(Stored data entries)
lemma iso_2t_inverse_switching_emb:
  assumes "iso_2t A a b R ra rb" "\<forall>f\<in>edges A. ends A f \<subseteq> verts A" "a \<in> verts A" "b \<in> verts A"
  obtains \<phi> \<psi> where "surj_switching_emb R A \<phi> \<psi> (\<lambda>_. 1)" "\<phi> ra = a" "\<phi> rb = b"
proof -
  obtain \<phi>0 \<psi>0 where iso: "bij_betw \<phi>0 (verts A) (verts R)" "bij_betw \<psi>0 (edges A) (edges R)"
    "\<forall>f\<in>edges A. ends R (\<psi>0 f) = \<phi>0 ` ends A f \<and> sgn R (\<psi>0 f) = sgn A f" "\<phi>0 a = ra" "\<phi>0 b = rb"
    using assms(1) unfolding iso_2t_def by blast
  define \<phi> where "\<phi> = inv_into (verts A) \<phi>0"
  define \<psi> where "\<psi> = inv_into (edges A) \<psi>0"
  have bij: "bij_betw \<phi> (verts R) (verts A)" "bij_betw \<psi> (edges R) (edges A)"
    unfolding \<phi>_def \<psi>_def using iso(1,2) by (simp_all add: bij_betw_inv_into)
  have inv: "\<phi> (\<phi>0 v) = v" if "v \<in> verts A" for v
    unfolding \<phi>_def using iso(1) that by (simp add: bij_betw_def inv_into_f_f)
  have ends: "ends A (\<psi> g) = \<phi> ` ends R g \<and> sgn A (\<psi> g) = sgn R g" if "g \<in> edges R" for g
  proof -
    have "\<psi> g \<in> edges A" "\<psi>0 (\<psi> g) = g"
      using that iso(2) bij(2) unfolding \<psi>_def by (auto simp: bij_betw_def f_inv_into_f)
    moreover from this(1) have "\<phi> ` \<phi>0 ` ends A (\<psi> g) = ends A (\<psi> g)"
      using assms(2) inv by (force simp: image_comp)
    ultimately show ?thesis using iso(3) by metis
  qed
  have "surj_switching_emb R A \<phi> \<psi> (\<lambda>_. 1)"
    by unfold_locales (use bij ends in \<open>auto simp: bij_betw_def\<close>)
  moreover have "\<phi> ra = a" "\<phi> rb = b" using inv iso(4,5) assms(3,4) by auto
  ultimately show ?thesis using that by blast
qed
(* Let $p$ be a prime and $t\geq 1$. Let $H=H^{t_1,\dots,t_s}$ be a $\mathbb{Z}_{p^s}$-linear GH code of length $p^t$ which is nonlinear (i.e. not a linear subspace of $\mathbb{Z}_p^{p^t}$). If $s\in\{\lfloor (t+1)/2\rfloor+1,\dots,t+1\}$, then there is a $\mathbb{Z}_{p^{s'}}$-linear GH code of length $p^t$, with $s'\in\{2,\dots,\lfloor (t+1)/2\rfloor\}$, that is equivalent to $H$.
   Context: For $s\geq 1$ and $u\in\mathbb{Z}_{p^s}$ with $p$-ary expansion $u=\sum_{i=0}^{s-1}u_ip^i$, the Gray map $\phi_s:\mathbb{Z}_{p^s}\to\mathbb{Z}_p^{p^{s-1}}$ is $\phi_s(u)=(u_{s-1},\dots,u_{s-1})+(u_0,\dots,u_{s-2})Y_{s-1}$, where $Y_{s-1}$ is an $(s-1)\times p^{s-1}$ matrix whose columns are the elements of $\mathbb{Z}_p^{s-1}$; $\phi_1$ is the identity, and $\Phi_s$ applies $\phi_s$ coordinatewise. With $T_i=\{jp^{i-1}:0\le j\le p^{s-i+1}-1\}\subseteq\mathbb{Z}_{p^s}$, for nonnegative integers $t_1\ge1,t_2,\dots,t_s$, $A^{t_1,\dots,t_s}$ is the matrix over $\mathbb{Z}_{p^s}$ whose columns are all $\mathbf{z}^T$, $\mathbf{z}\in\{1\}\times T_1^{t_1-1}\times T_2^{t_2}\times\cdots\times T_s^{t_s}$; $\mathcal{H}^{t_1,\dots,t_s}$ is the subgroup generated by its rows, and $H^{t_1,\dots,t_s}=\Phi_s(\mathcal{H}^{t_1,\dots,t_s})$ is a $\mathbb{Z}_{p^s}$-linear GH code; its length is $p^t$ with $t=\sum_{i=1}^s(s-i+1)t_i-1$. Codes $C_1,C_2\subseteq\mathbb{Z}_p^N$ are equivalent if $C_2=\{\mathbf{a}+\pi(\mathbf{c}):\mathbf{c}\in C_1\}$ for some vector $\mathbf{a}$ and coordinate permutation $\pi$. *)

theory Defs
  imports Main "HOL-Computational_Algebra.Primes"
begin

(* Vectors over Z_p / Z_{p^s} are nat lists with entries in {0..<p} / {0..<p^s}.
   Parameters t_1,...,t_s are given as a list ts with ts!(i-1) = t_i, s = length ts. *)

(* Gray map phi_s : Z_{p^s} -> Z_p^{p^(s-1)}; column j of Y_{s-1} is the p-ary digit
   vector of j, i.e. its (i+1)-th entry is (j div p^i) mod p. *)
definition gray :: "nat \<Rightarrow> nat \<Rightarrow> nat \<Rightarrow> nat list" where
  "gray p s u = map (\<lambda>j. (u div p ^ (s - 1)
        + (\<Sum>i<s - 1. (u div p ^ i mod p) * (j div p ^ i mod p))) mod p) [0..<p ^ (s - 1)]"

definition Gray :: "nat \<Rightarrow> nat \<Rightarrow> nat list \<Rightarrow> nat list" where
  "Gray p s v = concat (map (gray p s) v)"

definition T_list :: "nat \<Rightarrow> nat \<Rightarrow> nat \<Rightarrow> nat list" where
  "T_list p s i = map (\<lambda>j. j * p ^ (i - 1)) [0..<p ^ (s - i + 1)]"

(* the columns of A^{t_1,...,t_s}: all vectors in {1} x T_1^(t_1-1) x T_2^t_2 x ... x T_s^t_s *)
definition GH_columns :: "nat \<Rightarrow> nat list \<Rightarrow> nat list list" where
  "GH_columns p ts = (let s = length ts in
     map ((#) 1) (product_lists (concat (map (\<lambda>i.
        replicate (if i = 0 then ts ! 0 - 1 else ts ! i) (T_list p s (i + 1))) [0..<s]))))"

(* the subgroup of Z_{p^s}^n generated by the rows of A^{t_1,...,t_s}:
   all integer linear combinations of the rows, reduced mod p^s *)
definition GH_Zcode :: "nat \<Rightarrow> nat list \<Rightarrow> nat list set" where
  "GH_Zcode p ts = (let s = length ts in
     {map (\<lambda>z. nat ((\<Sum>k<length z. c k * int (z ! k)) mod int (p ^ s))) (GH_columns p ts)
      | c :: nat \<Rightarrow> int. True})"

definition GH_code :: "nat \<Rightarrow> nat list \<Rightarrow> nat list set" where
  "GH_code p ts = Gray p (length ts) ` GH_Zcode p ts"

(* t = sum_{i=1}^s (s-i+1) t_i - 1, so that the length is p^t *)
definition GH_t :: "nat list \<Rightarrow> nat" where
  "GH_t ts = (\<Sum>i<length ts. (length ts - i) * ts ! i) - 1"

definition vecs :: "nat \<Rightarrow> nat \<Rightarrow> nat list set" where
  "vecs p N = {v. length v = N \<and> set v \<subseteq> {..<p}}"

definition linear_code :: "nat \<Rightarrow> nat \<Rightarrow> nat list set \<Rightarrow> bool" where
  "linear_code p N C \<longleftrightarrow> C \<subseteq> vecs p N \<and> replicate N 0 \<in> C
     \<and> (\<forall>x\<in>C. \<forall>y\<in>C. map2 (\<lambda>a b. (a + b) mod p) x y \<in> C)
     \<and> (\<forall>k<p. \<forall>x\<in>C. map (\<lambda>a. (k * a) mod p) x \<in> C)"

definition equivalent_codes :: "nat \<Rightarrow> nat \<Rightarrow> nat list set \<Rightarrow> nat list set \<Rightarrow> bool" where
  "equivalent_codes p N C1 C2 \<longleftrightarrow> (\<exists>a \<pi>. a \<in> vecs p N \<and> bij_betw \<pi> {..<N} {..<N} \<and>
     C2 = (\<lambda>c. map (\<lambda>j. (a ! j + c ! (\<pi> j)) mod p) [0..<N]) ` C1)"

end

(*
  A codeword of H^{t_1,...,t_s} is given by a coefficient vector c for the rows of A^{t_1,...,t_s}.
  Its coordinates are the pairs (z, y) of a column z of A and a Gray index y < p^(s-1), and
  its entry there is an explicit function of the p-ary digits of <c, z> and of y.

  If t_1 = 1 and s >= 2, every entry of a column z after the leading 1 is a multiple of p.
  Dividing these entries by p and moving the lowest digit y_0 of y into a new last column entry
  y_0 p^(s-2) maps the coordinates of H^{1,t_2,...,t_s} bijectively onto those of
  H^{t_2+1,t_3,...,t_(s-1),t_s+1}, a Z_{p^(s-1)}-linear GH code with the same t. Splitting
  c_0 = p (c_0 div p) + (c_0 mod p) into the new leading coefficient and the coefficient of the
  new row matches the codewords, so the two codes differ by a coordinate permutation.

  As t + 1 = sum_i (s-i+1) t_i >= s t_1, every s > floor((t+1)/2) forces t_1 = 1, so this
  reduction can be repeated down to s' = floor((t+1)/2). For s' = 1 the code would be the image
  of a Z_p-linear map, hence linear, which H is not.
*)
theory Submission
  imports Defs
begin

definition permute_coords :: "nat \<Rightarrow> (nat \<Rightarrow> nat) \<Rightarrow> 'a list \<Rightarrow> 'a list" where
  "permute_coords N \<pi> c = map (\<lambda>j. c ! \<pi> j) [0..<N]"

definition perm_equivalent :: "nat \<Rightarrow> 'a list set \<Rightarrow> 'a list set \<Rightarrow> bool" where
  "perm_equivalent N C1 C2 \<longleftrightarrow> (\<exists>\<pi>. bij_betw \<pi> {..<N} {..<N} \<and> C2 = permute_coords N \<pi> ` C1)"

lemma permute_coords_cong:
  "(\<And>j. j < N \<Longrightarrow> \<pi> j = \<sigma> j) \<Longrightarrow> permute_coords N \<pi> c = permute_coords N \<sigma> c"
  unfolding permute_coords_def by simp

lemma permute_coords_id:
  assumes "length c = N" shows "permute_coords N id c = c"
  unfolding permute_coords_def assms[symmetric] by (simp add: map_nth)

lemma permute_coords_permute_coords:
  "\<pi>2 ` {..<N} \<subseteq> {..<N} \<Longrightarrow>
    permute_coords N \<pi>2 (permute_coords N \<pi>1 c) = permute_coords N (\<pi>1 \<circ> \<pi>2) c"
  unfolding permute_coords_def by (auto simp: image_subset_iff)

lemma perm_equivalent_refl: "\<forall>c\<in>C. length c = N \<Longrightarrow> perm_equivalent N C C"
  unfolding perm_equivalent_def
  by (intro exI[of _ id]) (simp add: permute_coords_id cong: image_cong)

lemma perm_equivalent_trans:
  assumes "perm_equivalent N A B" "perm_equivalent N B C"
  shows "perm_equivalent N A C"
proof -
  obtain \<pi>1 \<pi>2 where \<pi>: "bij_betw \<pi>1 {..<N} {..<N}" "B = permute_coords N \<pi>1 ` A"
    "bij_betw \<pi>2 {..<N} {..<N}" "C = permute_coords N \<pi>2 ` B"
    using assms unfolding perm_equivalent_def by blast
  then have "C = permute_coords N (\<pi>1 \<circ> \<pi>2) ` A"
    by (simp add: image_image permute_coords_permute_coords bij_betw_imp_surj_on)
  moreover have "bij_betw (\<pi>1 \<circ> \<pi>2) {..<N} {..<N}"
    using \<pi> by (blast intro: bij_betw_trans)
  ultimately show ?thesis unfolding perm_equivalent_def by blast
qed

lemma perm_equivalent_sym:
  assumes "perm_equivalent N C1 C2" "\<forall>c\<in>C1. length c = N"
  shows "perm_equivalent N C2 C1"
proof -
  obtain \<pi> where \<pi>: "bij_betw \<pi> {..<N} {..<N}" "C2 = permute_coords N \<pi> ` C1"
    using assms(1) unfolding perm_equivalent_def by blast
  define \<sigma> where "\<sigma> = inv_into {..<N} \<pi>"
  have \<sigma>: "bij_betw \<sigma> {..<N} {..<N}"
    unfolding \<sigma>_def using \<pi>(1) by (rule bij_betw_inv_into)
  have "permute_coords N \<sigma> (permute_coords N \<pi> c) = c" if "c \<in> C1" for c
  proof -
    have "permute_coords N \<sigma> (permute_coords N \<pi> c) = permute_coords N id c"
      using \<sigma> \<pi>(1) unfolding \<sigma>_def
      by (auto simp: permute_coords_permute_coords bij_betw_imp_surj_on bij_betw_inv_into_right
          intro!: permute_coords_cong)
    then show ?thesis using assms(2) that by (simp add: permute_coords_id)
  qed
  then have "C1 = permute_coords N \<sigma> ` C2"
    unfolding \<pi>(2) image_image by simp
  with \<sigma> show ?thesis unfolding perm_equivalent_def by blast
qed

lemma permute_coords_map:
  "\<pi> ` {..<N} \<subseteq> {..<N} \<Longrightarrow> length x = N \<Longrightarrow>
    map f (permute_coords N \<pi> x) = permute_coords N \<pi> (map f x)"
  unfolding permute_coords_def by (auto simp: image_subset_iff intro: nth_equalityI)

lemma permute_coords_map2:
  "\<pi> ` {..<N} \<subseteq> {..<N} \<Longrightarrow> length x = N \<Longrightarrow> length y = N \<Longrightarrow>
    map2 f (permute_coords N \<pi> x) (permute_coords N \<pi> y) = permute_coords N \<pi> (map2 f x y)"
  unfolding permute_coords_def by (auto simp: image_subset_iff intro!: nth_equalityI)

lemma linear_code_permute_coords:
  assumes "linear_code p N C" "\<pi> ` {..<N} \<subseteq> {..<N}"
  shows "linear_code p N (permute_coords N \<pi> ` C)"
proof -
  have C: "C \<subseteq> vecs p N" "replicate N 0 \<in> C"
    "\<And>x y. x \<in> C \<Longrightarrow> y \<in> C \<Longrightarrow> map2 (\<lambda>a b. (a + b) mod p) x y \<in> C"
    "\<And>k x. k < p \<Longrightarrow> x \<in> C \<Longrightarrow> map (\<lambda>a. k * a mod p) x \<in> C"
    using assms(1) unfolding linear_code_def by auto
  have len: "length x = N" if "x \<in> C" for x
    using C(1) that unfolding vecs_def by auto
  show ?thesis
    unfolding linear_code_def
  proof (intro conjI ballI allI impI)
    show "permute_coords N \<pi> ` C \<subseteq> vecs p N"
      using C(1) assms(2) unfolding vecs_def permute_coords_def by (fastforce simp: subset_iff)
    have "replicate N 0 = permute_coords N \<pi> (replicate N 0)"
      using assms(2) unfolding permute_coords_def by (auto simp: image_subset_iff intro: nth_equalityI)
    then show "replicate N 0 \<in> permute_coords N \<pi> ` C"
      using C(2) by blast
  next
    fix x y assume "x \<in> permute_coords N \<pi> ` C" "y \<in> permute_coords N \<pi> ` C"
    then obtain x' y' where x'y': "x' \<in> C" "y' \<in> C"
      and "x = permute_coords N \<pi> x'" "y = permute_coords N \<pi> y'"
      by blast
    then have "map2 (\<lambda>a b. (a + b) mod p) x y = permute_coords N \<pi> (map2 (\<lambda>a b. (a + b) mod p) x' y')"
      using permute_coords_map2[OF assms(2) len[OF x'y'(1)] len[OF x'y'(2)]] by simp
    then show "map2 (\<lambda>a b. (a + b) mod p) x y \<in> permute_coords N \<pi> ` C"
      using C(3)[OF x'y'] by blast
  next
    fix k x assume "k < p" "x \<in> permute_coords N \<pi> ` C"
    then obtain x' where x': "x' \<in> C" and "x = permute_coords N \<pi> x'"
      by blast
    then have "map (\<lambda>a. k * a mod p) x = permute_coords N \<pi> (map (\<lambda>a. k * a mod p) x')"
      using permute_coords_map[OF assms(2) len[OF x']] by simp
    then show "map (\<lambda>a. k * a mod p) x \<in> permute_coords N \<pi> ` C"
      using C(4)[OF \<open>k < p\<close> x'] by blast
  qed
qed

__Directions__: Please transcribe the data above without changes, from its first line to its "obtain \<phi>0 \<psi>0" line, and leave out anything past that.

__Result of this exercise__:
lemma iso_2t_inverse_switching_emb:
  assumes "iso_2t A a b R ra rb" "\<forall>f\<in>edges A. ends A f \<subseteq> verts A" "a \<in> verts A" "b \<in> verts A"
  obtains \<phi> \<psi> where "surj_switching_emb R A \<phi> \<psi> (\<lambda>_. 1)" "\<phi> ra = a" "\<phi> rb = b"
proof -
  obtain \<phi>0 \<psi>0 where iso: "bij_betw \<phi>0 (verts A) (verts R)" "bij_betw \<psi>0 (edges A) (edges R)"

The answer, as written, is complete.